La figura del apego no está, no conecta con las situaciones emocionales suyos ni con los del niño. Son niños de acción, aprenden a tener el afecto de sus padres con los hechos no con lo que son; buenas notas, buen deportista. Son personas egoístas, que no empatizan con los demás y están desconectados de sus emociones. Les dan importancia a cosas materiales en vez de poner foco en sus emociones.

El niño con este patrón de apego percibe que todo intento por buscar el confort que pueda proporcionarle su figura de cuidado concluirá en una situación de abierta burla o desprecio, que además se verá sucedida por la ausencia total de protección y seguridad junto a una nociva sensación de indefensión aprendida. Esta circunstancia contribuye a que el niño trate de adoptar una posición de autosuficiencia, en un intento por construir escenarios en los que sentirse seguro sin la contribución de los demás.

En la edad adulta, este estilo de apego se caracteriza por la búsqueda deliberada de la soledad y por la incomodidad en las relaciones personales. La independencia adquiere una importancia capital, surgiendo un temor cerval ante la expectativa de compromiso con otras personas en los ámbitos de la amistad o la pareja. La búsqueda de trabajos solitarios y el desinterés por forjar nuevas relaciones pueden ser también habituales.

CONCLUSIÓN

La mente de un niño alberga el potencial de construir una vida feliz. Pese a la vulnerabilidad que lo acompaña en el momento de su nacimiento, los primeros años son elementales para definir quiénes seremos y qué senderos recorreremos en el trepidante viaje de la existencia. Las primeras relaciones sociales son, en este sentido, la clave para encauzar el desarrollo hacia la plenitud biológica, social y emocional.

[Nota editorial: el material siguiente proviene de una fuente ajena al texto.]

lemma subgaussian_nn_integral_exp_le:
  assumes "subgaussian M Y \<sigma>"
  shows "(\<integral>\<^sup>+x. ennreal (exp (c + l * (Y x - integral\<^sup>L M Y))) \<partial>M) \<le> ennreal (exp (c + l\<^sup>2 * \<sigma>\<^sup>2 / 2))"
proof -
  from assms have int: "integrable M (\<lambda>x. exp (l * (Y x - integral\<^sup>L M Y)))"
    and le: "(\<integral>x. exp (l * (Y x - integral\<^sup>L M Y)) \<partial>M) \<le> exp (l\<^sup>2 * \<sigma>\<^sup>2 / 2)"
    unfolding subgaussian_def by auto
  have "(\<integral>\<^sup>+x. ennreal (exp (c + l * (Y x - integral\<^sup>L M Y))) \<partial>M)
      = ennreal (exp c * (\<integral>x. exp (l * (Y x - integral\<^sup>L M Y)) \<partial>M))"
    using int by (subst nn_integral_eq_integral) (auto simp: exp_add)
  also have "\<dots> \<le> ennreal (exp (c + l\<^sup>2 * \<sigma>\<^sup>2 / 2))"
    using le by (intro ennreal_leI) (simp add: exp_add)
  finally show ?thesis .
qed

locale subgaussian_gibbs = D: prob_space D for D :: "'b measure" +
  fixes \<pi> :: "'h measure" and H :: "'h \<Rightarrow> 'b \<Rightarrow> real" and \<sigma> :: real
  assumes H_measurable[measurable]: "(\<lambda>(h, x). H h x) \<in> borel_measurable (\<pi> \<Otimes>\<^sub>M D)"
    and subgaussian_H: "\<And>h. h \<in> space \<pi> \<Longrightarrow> subgaussian D (H h) \<sigma>"
    and integrable_exp_H: "\<And>x. x \<in> space D \<Longrightarrow> integrable \<pi> (\<lambda>h. exp (H h x))"
    and partZ_pos: "\<And>x. x \<in> space D \<Longrightarrow> partZ \<pi> H x > 0"
    and integrable_exp_mean: "integrable \<pi> (\<lambda>h. exp (\<integral>x. H h x \<partial>D))"
    and integral_exp_mean_pos: "(\<integral>h. exp (\<integral>x. H h x \<partial>D) \<partial>\<pi>) > 0"
    and integrable_ln_partZ: "integrable D (\<lambda>x. ln (partZ \<pi> H x))"
begin

definition mean_H :: "'h \<Rightarrow> real" where
  "mean_H h = (\<integral>x. H h x \<partial>D)"

definition partZ_mean :: real where
  "partZ_mean = (\<integral>h. exp (mean_H h) \<partial>\<pi>)"

lemma partZ_mean_pos: "partZ_mean > 0"
  using integral_exp_mean_pos by (simp add: partZ_mean_def mean_H_def)

sublocale \<pi>: sigma_finite_measure \<pi>
proof -
  obtain x where "x \<in> space D" using D.not_empty by blast
  then show "sigma_finite_measure \<pi>"
    by (intro sigma_finite_measure_if_integrable_pos[OF integrable_exp_H]) auto
qed

sublocale pair_sigma_finite \<pi> D by unfold_locales

lemma measurable_mean_H[measurable]: "mean_H \<in> borel_measurable \<pi>"
  unfolding mean_H_def[abs_def] by (rule D.borel_measurable_lebesgue_integral) simp

lemma measurable_partZ[measurable]: "partZ \<pi> H \<in> borel_measurable D"
proof -
  have "(\<lambda>x. exp (ln (partZ \<pi> H x))) \<in> borel_measurable D"
    using borel_measurable_integrable[OF integrable_ln_partZ] by measurable
  then show ?thesis by (rule measurable_cong[THEN iffD1, rotated]) (use partZ_pos in auto)
qed

lemma nn_integral_partZ_eq:
  "x \<in> space D \<Longrightarrow> (\<integral>\<^sup>+h. ennreal (exp (H h x)) \<partial>\<pi>) = ennreal (partZ \<pi> H x)"
  unfolding partZ_def by (rule nn_integral_eq_integral) (use integrable_exp_H in auto)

La creación de un apego seguro supondrá la estabilidad emocional y salud mental. Es por ello, que cabe subrayar la importancia del apego, trabajarla y crear lazos de unión de calidad.

¿LES ALEGRAMOS EL DESAYUNO?

Desde aquí, propongo a las familias que les dejen una nota de apoyo, ánimo o afecto junto al desayuno que toman en el cole, una manera de recordarles que estamos con ellos y que pueden contar con nosotros. Pero no solo basta con esto, dedica tiempo a pasar con tus hijos: juega con ellos, haced recetas de cocina juntos, manualidades… Esto favorecerá la relación entre vosotros y quedará marcado en la infancia de los más pequeños. ¿Te animas?

Fuente:

«El cerebro del niño explicado a los padres». ED. Plataforma Actual. DR. Álvaro Bilbao -neuropsicólogo.

www.isep.com -Instituto Superior de Psicólogos-

Macarena Chaves Pecero

Me llamo Macarena y desde hace 11 años soy profesora de educación primaria, especializada en Lengua Extranjera-Inglés. Desde bien pequeña me ha llamado la atención el mundo de la enseñanza y el aprendizaje, por lo que una vez que comencé mi aventura universitaria, decidí formarme para ser lo que quería. Ser maestra. “Es al niño al que hay que tener en cuenta ante todo; la cuestión es liberarle de los obstáculos que dificultan su desarrollo y ayudarle a vivir. Una vez se comprende este principio, se constata un cambio radical en el comportamiento del adulto en relación al niño”. -M. Montessori-.